Sat, Nov 09, 2024 | Jumada al-Awwal 7, 1446 | DXB ktweather icon0°C

India police say were warned about Hyderabad bomb threat

Top Stories

India police say were warned about Hyderabad bomb threat

Indian police revealed on Friday they had been warned of a possible attack by militants in a bustling shopping area of Hyderabad where twin bombings killed at least 14 people and wounded scores.

Published: Fri 22 Feb 2013, 12:56 PM

Updated: Tue 7 Apr 2015, 3:33 PM

  • By
  • (AFP)

The near-simultaneous attacks on Thursday night outside a cinema and a bus stand in the Dilsukh Nagar district were the first deadly bombings in the country since 2011 and triggered condemnation from Indian and world leaders.

Fire fighters extinguish a fire at the site of an explosion in Hyderabad.- Reuters

The attacks also raised questions about whether Australia’s cricket team would go ahead with a scheduled international match against India in Hyderabad starting on March 2, although the tourists said the Test was still on for now.

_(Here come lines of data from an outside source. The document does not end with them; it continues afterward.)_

lemma fcong_rotate: "fcong (Node g x (Node P (Node C y z) w)) (Node g (Node C x (Node P y z)) w)"
proof -
  have rel: "fcong (Node g Leaf (Node P (Node C Leaf Leaf) Leaf)) (Node g (Node C Leaf (Node P Leaf Leaf)) Leaf)"
    using base_rel.r1 base_rel.r2 by (cases g) (auto simp: tp_def tc_def intro: fcong.base)
  have "fcong (graft (graft (graft (graft (Node g Leaf (Node P (Node C Leaf Leaf) Leaf)) 4 w) 3 z) 2 y) 1 x)
      (graft (graft (graft (graft (Node g (Node C Leaf (Node P Leaf Leaf)) Leaf) 4 w) 3 z) 2 y) 1 x)"
    by (intro fcong.comp fcong.refl rel) (simp_all add: one_le_arity)
  then show ?thesis
    by (simp add: one_le_arity)
qed

text \<open>Strictly decreased by the rotation of \<open>fcong_rotate\<close>.\<close>
fun right_weight :: "ftree \<Rightarrow> nat" where
  "right_weight Leaf = 0"
| "right_weight (Node g l r) = right_weight l + right_weight r + arity r"

lemma pc_rootedE:
  assumes "pc_rooted r"
  obtains y z w where "r = Node P (Node C y z) w"
  using assms by (induction r rule: pc_rooted.induct) auto

lemma exists_normal_fcong:
  "\<exists>t'. fcong t t' \<and> normal t' \<and> right_weight t' \<le> right_weight t \<and> arity t' = arity t"
proof (induction "right_weight t" arbitrary: t rule: less_induct)
  case less
  show ?case
  proof (cases t)
    case Leaf
    then show ?thesis
      by (intro exI[of _ t]) (simp add: fcong.refl)
  next
    case (Node g l r)
    have "right_weight l < right_weight t"
      using Node one_le_arity[of r] by simp
    then obtain l' where l': "fcong l l'" "normal l'" "right_weight l' \<le> right_weight l" "arity l' = arity l"
      using less(1) by blast
    have "right_weight r < right_weight t"
      using Node one_le_arity[of r] by simp
    then obtain r' where r': "fcong r r'" "normal r'" "right_weight r' \<le> right_weight r" "arity r' = arity r"
      using less(1) by blast
    have t1: "fcong t (Node g l' r')"
      unfolding Node by (rule fcong_Node[OF l'(1) r'(1)])
    have t1_weight: "right_weight (Node g l' r') \<le> right_weight t" "arity (Node g l' r') = arity t"
      using Node l'(3,4) r'(3,4) by simp_all
    show ?thesis
    proof (cases "pc_rooted r'")
      case False
      with t1 t1_weight l'(2) r'(2) show ?thesis
        by auto
    next
      case True
      then obtain y z w where r'_eq: "r' = Node P (Node C y z) w"
        by (rule pc_rootedE)
      let ?t2 = "Node g (Node C l' (Node P y z)) w"
      have "fcong t ?t2"
        using fcong.trans[OF t1[unfolded r'_eq] fcong_rotate] .
      moreover have "right_weight ?t2 < right_weight t" "arity ?t2 = arity t"
        using t1_weight one_le_arity[of w] unfolding r'_eq by simp_all
      moreover obtain t3 where "fcong ?t2 t3" "normal t3" "right_weight t3 \<le> right_weight ?t2" "arity t3 = arity ?t2"
        using less(1)[OF \<open>right_weight ?t2 < right_weight t\<close>] by blast
      ultimately show ?thesis
        using fcong.trans by fastforce
    qed
  qed
qed

section \<open>Normal trees are determined by their evaluation\<close>

lemma pc_rooted_P: "pc_rooted (Node P u v) \<longleftrightarrow> \<not> base_blue u"
proof (cases u)
  case (Node h x y)
  then show ?thesis
    by (cases h) auto
qed simp

definition split_point :: "arc set \<Rightarrow> arc set \<Rightarrow> nat \<Rightarrow> nat \<Rightarrow> bool" where
  "split_point B R k K \<longleftrightarrow>
     (\<forall>q \<in> B \<union> R. \<not> crossing q (k, K)) \<and> (\<forall>x. (x, K) \<in> B \<longrightarrow> x \<le> k)"

lemma blue_arc_to_end: "(x, k + arity t) \<in> arcs Blue t k e \<Longrightarrow> x = k \<and> e"
proof (induction t arbitrary: k e x)
  case (Node g l r)
  then show ?case
    using arcs_bounds[of x "k + arity l + arity r" Blue l k True] one_le_arity[of r]
      Node.IH(2)[of x "k + arity l" False]
    by (auto simp: add.assoc glue_colour_def split: if_splits)
qed (auto simp: glue_colour_def split: if_splits)

lemma arcs_left_subtree:
  "arcs col l k True = {q \<in> arcs col (Node g l r) k e. snd q \<le> k + arity l}"
  using arcs_bounds[of _ _ col l k True] arcs_bounds[of _ _ col r "k + arity l" False] one_le_arity[of r]
  by (fastforce split: if_splits)

lemma arcs_right_subtree:
  "arcs col r (k + arity l) False = {q \<in> arcs col (Node g l r) k e. k + arity l \<le> fst q}"
  using arcs_bounds[of _ _ col l k True] arcs_bounds[of _ _ col r "k + arity l" False] one_le_arity[of l]
  by (fastforce split: if_splits)

lemma split_point_root:
  "split_point (arcs Blue (Node g l r) k e) (arcs Red (Node g l r) k e) k (k + arity l)"
proof -
  let ?K = "k + arity l"
  have "(k \<le> x \<and> y \<le> ?K) \<or> ?K \<le> x \<or> x = k"
    if "(x, y) \<in> arcs col (Node g l r) k e" for x y col
    using that arcs_bounds[of x y col l k True] arcs_bounds[of x y col r ?K False]
    by (auto split: if_splits)
  moreover have "x \<le> k" if "(x, ?K) \<in> arcs Blue (Node g l r) k e" for x
    using that blue_arc_to_end[of x k l True] arcs_bounds[of x ?K Blue r ?K False]
    by (auto split: if_splits)
  ultimately show ?thesis
    unfolding split_point_def crossing_def by fastforce
qed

As investigators sifted through the wreckage in their hunt for the perpetrators, Indian Prime Minister Manmohan Singh said those responsible for the “dastardly act” would be punished.

No group has claimed responsibility but newspapers pointed the finger at Indian Mujahideen. A senior detective said two of the group’s militants had spoken of a possible attack in the area during interrogation last October.

“We interrogated two militants who said they had recced various spots in Delhi, Mumbai, Hyderabad, Pune for a possible attack,” said S.N. Shrivastava, a Delhi police commissioner with responsibility for anti-terror operations.

“One of the places they mentioned was Dilsukh Nagar, which was hit last night,” hes aid.

Indian Mujahideen has claimed responsibility for numerous bomb blasts in recent years, and is often listed as a suspect in attacks across the country.

Questioned about the Indian Mujahideen’s possible involvement, Home Minister Shushil Kumar Shinde said it was too early to say. “The investigation has just started ... we will find out everything,” he said.

A report on India’s NDTV network said the cables of closed circuit television cameras had been cut days before the blasts.

A relative reacts at the Omini hospital Kothapet following bomb blasts in Hyderabad . - AFP

Speaking on a visit to the scene, Shinde put the death toll at 14 and the number of injured at 119.

N. Rao, a senior police official in Hyderabad, gave the toll as 16 and put the number of wounded at 80.

Many of those killed and injured were daily wage labourers shopping at the local fruit market before heading home.

Police said three of the dead were college students and another was a 30-year-old woman. One of the most seriously injured was a pregnant woman.

While Hindus form the majority of the population in Hyderabad, one of India’s largest and most historic cities.

Hyderabad is one of the main hubs of the country’s computing industry which hosts local offices of Google and Microsoft among others.

Doctors worked through the night to treat a stream of wounded victims as patients lay on stretchers at city hospitals and anguished relatives clamoured for news of loved ones.

The attacks came at a time when India was on alert after the recent hanging of a separatist unleashed protests in Kashmir.

Shinde said that while authorities had received intelligence of a possible threat of attack, “it was not specific”.

Commenting on the upcoming Test match in Hyderabad, Cricket Australia chief executive James Sutherland said he was taking advice from authorities.

“As far as I’m concerned we are playing the second Test in Hyderabad next week. That’s where we are at,” said Sutherland, who is with the team in Chennai for the opening Test starting later Friday.

Newspaper headlines summed up the anger over the attacks, with the headline in India Today reading: “Serial Terror Returns to Hyderabad”.

In May 2007 at least 11 people were killed in a blast at a mosque in Hyderabad and five more died when police fired at protesters.

Months later in August, at least 40 people were killed in Hyderabad when two blasts hit an auditorium and an outdoor restaurant.

Foreign Secretary Ranjan Mathai, the top civil servant in India’s external affairs ministry, did not rule out foreign involvement. “I am not sure there is any evidence it could be homegrown terrorism,” he said in Washington Thursday.

New US Secretary of State John Kerry said in a tweet that he had expressed his sympathies for the “brave people” of Hyderabad when he met Mathai while UN chief Ki-Moon “strongly condemn(ed) the indiscriminate attacks”.